▶ _Assignment_
Gather all lines from the material that contain the word "intro".

▶ _Given entries_
definition G_stable_subring :: "'r set \<Rightarrow> bool" where
  "G_stable_subring T \<longleftrightarrow> 0 \<in> T \<and> 1 \<in> T \<and>
     (\<forall>a\<in>T. \<forall>b\<in>T. a + b \<in> T \<and> a - b \<in> T \<and> a * b \<in> T) \<and>
     (\<forall>g\<in>carrier G. \<forall>a\<in>T. actR g a \<in> T)"

definition cond_star :: "'r set \<Rightarrow> bool" where
  "cond_star T \<longleftrightarrow> (\<forall>y\<in>Y. is_unit_r (mfun y) \<and> mfun y \<in> T \<and> rinv (mfun y) \<in> T)"

definition BT :: "'r set \<Rightarrow> ('y \<Rightarrow> 'y \<Rightarrow> 'r) set" where
  "BT T = gen_alg (Kg ` Lam \<union>
             {diag_om t | t. equivariant1 X t \<and> (\<forall>x\<in>X. t x \<in> T)})"

definition AT :: "'r set \<Rightarrow> ('y \<Rightarrow> 'y \<Rightarrow> 'r) set" where
  "AT T = gen_alg (BT T \<union> Sg ` Lam \<union> Mg ` Lam)"

definition CT :: "'r set \<Rightarrow> ('y \<Rightarrow> 'y \<Rightarrow> 'r) set" where
  "CT T = (\<lambda>a. conv a (one_l om)) ` AT T"

definition End_left :: "('y \<Rightarrow> 'y \<Rightarrow> 'r) set \<Rightarrow> ('y \<Rightarrow> 'y \<Rightarrow> 'r) set
    \<Rightarrow> (('y \<Rightarrow> 'y \<Rightarrow> 'r) \<Rightarrow> ('y \<Rightarrow> 'y \<Rightarrow> 'r)) set" where
  "End_left Al C = {\<phi>. \<phi> \<in> extensional C \<and> \<phi> \<in> C \<rightarrow> C \<and>
     (\<forall>c\<in>C. \<forall>d\<in>C. \<phi> (\<lambda>x y. c x y + d x y) = (\<lambda>x y. \<phi> c x y + \<phi> d x y)) \<and>
     (\<forall>k. \<forall>c\<in>C. \<phi> (scal k c) = scal k (\<phi> c)) \<and>
     (\<forall>a\<in>Al. \<forall>c\<in>C. \<phi> (conv a c) = conv a (\<phi> c))}"

definition End_right :: "('y \<Rightarrow> 'y \<Rightarrow> 'r) set \<Rightarrow> ('y \<Rightarrow> 'y \<Rightarrow> 'r) set
    \<Rightarrow> (('y \<Rightarrow> 'y \<Rightarrow> 'r) \<Rightarrow> ('y \<Rightarrow> 'y \<Rightarrow> 'r)) set" where
  "End_right Ar C = {\<phi>. \<phi> \<in> extensional C \<and> \<phi> \<in> C \<rightarrow> C \<and>
     (\<forall>c\<in>C. \<forall>d\<in>C. \<phi> (\<lambda>x y. c x y + d x y) = (\<lambda>x y. \<phi> c x y + \<phi> d x y)) \<and>
     (\<forall>k. \<forall>c\<in>C. \<phi> (scal k c) = scal k (\<phi> c)) \<and>
     (\<forall>b\<in>Ar. \<forall>c\<in>C. \<phi> (conv c b) = conv (\<phi> c) b)}"

end

end

theory Submission
  imports Defs
begin

(* Write 1_l for the idempotent of the block Y_l; everything is read off the decomposition of A into
   the blocks 1_l A 1_m.
   Since S_n M_n = K_n lies in B^T, an induction over the generators of A^T shows that every block
   1_l a 1_m of an element a of A^T has the form M_l b S_m with b in B^T; the block (om, om) gives
   B^T = 1_om A^T 1_om. An A^T-linear endomorphism of C^T is therefore right multiplication by its
   value at 1_om, which lies in B^T.
   Condition (star) makes t_l = diag(m(p_l x)^-1) an element of B^T with M_l t_l S_l = 1_l. Hence
   every c in C^T is the sum of the M_l (t_l S_l c) with t_l S_l c in B^T, and a B^T-linear
   endomorphism phi of C^T is left multiplication by the sum of the phi(M_l) t_l S_l, which lies
   in A^T. *)

lemma rinv_unit:
  assumes "is_unit_r (u::'r::ring_1)"
  shows "rinv u * u = 1" "u * rinv u = 1"
proof -
  obtain v where v: "v * u = 1" "u * v = 1" using assms unfolding is_unit_r_def by blast
  have "rinv u = v" unfolding rinv_def
  proof (rule the_equality)
    show "v * u = 1 \<and> u * v = 1" using v by simp
    fix w assume w: "w * u = 1 \<and> u * w = 1"
    have "w = (w * u) * v" using v by (simp add: mult.assoc)
    then show "w = v" using w by simp
  qed
  then show "rinv u * u = 1" "u * rinv u = 1" using v by auto
qed

lemma hom_rinv:
  assumes "is_unit_r (u::'r::ring_1)" "f 1 = 1" "\<And>a b. f (a * b) = f a * f b"
  shows "rinv (f u) = f (rinv u)"
proof -
  have inv: "f (rinv u) * f u = 1" "f u * f (rinv u) = 1"
    using rinv_unit[OF assms(1)] assms(2,3) by metis+
  then have "is_unit_r (f u)" unfolding is_unit_r_def by blast
  then have "rinv (f u) = rinv (f u) * f u * f (rinv u)"
    using inv(2) rinv_unit by (simp add: mult.assoc)
  also have "\<dots> = f (rinv u)" using rinv_unit[OF \<open>is_unit_r (f u)\<close>] by simp
  finally show ?thesis .
qed

definition rows_in :: "'y set \<Rightarrow> ('y \<Rightarrow> 'y \<Rightarrow> 'r::zero) \<Rightarrow> bool" where
  "rows_in R f \<longleftrightarrow> (\<forall>x y. x \<notin> R \<longrightarrow> f x y = 0)"

definition cols_in :: "'y set \<Rightarrow> ('y \<Rightarrow> 'y \<Rightarrow> 'r::zero) \<Rightarrow> bool" where
  "cols_in R f \<longleftrightarrow> (\<forall>x y. y \<notin> R \<longrightarrow> f x y = 0)"

definition msum :: "('i \<Rightarrow> 'y \<Rightarrow> 'y \<Rightarrow> 'r::comm_monoid_add) \<Rightarrow> 'i set \<Rightarrow> 'y \<Rightarrow> 'y \<Rightarrow> 'r" where
  "msum F A = (\<lambda>x y. \<Sum>i\<in>A. F i x y)"

lemma rows_in_mono: "R \<subseteq> R' \<Longrightarrow> rows_in R f \<Longrightarrow> rows_in R' f"
  unfolding rows_in_def by blast

lemma cols_in_mono: "R \<subseteq> R' \<Longrightarrow> cols_in R f \<Longrightarrow> cols_in R' f"
  unfolding cols_in_def by blast

lemma msum_cong: "(\<And>i. i \<in> A \<Longrightarrow> F i = H i) \<Longrightarrow> msum F A = msum H A"
  unfolding msum_def by (intro ext sum.cong) auto

lemma msum_additive:
  fixes \<phi> :: "('y \<Rightarrow> 'y \<Rightarrow> 'r::ab_group_add) \<Rightarrow> 'y \<Rightarrow> 'y \<Rightarrow> 'r"
  assumes zero: "(\<lambda>x y. 0) \<in> C"
    and closed: "\<And>c d. c \<in> C \<Longrightarrow> d \<in> C \<Longrightarrow> (\<lambda>x y. c x y + d x y) \<in> C"
    and additive: "\<And>c d. c \<in> C \<Longrightarrow> d \<in> C \<Longrightarrow> \<phi> (\<lambda>x y. c x y + d x y) = (\<lambda>x y. \<phi> c x y + \<phi> d x y)"
    and "finite A" "\<And>i. i \<in> A \<Longrightarrow> F i \<in> C"
  shows "msum F A \<in> C \<and> \<phi> (msum F A) = msum (\<lambda>i. \<phi> (F i)) A"
  using \<open>finite A\<close> \<open>\<And>i. i \<in> A \<Longrightarrow> F i \<in> C\<close>
proof (induction A rule: finite_induct)
  case empty
  have "\<phi> (\<lambda>x y. 0) x y = \<phi> (\<lambda>x y. 0) x y + \<phi> (\<lambda>x y. 0) x y" for x y
    using fun_cong[OF fun_cong[OF additive[OF zero zero]]] by simp
  then show ?case using zero by (simp add: msum_def fun_eq_iff)
next
  case (insert i A)
  then show ?case using closed additive by (simp add: msum_def)
qed

lemma conv_assoc: "conv Y e (conv Y e f g) h = conv Y e f (conv Y e g h)"
proof (intro ext)
  fix x y
  have "conv Y e (conv Y e f g) h x y
      = (\<Sum>w\<in>Y. \<Sum>z\<in>Y. f x z * rinv (e z) * g z w * rinv (e w) * h w y)"
    unfolding conv_def by (simp add: sum_distrib_right)
  also have "\<dots> = (\<Sum>z\<in>Y. \<Sum>w\<in>Y. f x z * rinv (e z) * g z w * rinv (e w) * h w y)"
    by (rule sum.swap)
  also have "\<dots> = conv Y e f (conv Y e g h) x y"
    unfolding conv_def by (simp add: sum_distrib_left mult.assoc)
  finally show "conv Y e (conv Y e f g) h x y = conv Y e f (conv Y e g h) x y" .
qed

lemma conv_add_left: "conv Y e (\<lambda>x y. f x y + g x y) h = (\<lambda>x y. conv Y e f h x y + conv Y e g h x y)"
  unfolding conv_def by (simp add: distrib_right sum.distrib)

lemma conv_add_right: "conv Y e h (\<lambda>x y. f x y + g x y) = (\<lambda>x y. conv Y e h f x y + conv Y e h g x y)"
  unfolding conv_def by (simp add: distrib_left sum.distrib)

lemma conv_zero_left: "conv Y e (\<lambda>x y. 0) h = (\<lambda>x y. 0)"
  unfolding conv_def by simp

lemma conv_zero_right: "conv Y e h (\<lambda>x y. 0) = (\<lambda>x y. 0)"
  unfolding conv_def by simp

lemma conv_msum_left: "conv Y e (msum F A) h = msum (\<lambda>i. conv Y e (F i) h) A"
  unfolding conv_def msum_def by (intro ext) (simp add: sum_distrib_right, rule sum.swap)

lemma conv_msum_right: "conv Y e h (msum F A) = msum (\<lambda>i. conv Y e h (F i)) A"
  unfolding conv_def msum_def by (intro ext) (simp add: sum_distrib_left mult.assoc, rule sum.swap)

lemma k_algebra_module: "k_algebra sm \<Longrightarrow> module sm"
  unfolding k_algebra_def vector_space_def module_def by blast

lemma conv_scal_left:
  assumes "k_algebra sm"
  shows "conv Y e (scal sm c f) h = scal sm c (conv Y e f h)"
proof -
  have "sm c (f x z * rinv (e z) * h z y) = sm c (f x z) * rinv (e z) * h z y" for x y z
    using assms unfolding k_algebra_def by metis
  then show ?thesis
    unfolding conv_def scal_def by (simp add: module.scale_sum_right[OF k_algebra_module[OF assms]])
qed

lemma conv_scal_right:
  assumes "k_algebra sm"
  shows "conv Y e h (scal sm c f) = scal sm c (conv Y e h f)"
proof -
  have "sm c (h x z * rinv (e z) * f z y) = h x z * rinv (e z) * sm c (f z y)" for x y z
    using assms unfolding k_algebra_def by metis
  then show ?thesis
    unfolding conv_def scal_def by (simp add: module.scale_sum_right[OF k_algebra_module[OF assms]])
qed

lemma rows_in_conv: "rows_in R f \<Longrightarrow> rows_in R (conv Y e f g)"
  unfolding rows_in_def conv_def by simp

lemma cols_in_conv: "cols_in R g \<Longrightarrow> cols_in R (conv Y e f g)"
  unfolding cols_in_def conv_def by simp

lemma gen_alg_msum:
  "finite A \<Longrightarrow> (\<And>i. i \<in> A \<Longrightarrow> F i \<in> gen_alg sm Y e S0) \<Longrightarrow> msum F A \<in> gen_alg sm Y e S0"
proof (induction A rule: finite_induct)
  case empty
  then show ?case by (simp add: msum_def gen_alg.gen_zero)
next
  case (insert i A)
  then show ?case using gen_alg.gen_add[of "F i" sm Y e S0 "msum F A"] by (simp add: msum_def)
qed

lemma gen_alg_support:
  assumes "k_algebra sm" "\<And>a. a \<in> S0 \<Longrightarrow> rows_in R a \<and> cols_in R' a" "a \<in> gen_alg sm Y e S0"
  shows "rows_in R a \<and> cols_in R' a"
  using assms(3)
proof (induction rule: gen_alg.induct)
  case (gen_mult a b)
  then show ?case using rows_in_conv cols_in_conv by blast
qed (use assms(2) module.scale_zero_right[OF k_algebra_module[OF assms(1)]]
     in \<open>auto simp: rows_in_def cols_in_def scal_def\<close>)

▶ _Result of the task_
  unfolding msum_def by (intro ext sum.cong) auto
proof (intro ext)
  unfolding conv_def msum_def by (intro ext) (simp add: sum_distrib_right, rule sum.swap)
  unfolding conv_def msum_def by (intro ext) (simp add: sum_distrib_left mult.assoc, rule sum.swap)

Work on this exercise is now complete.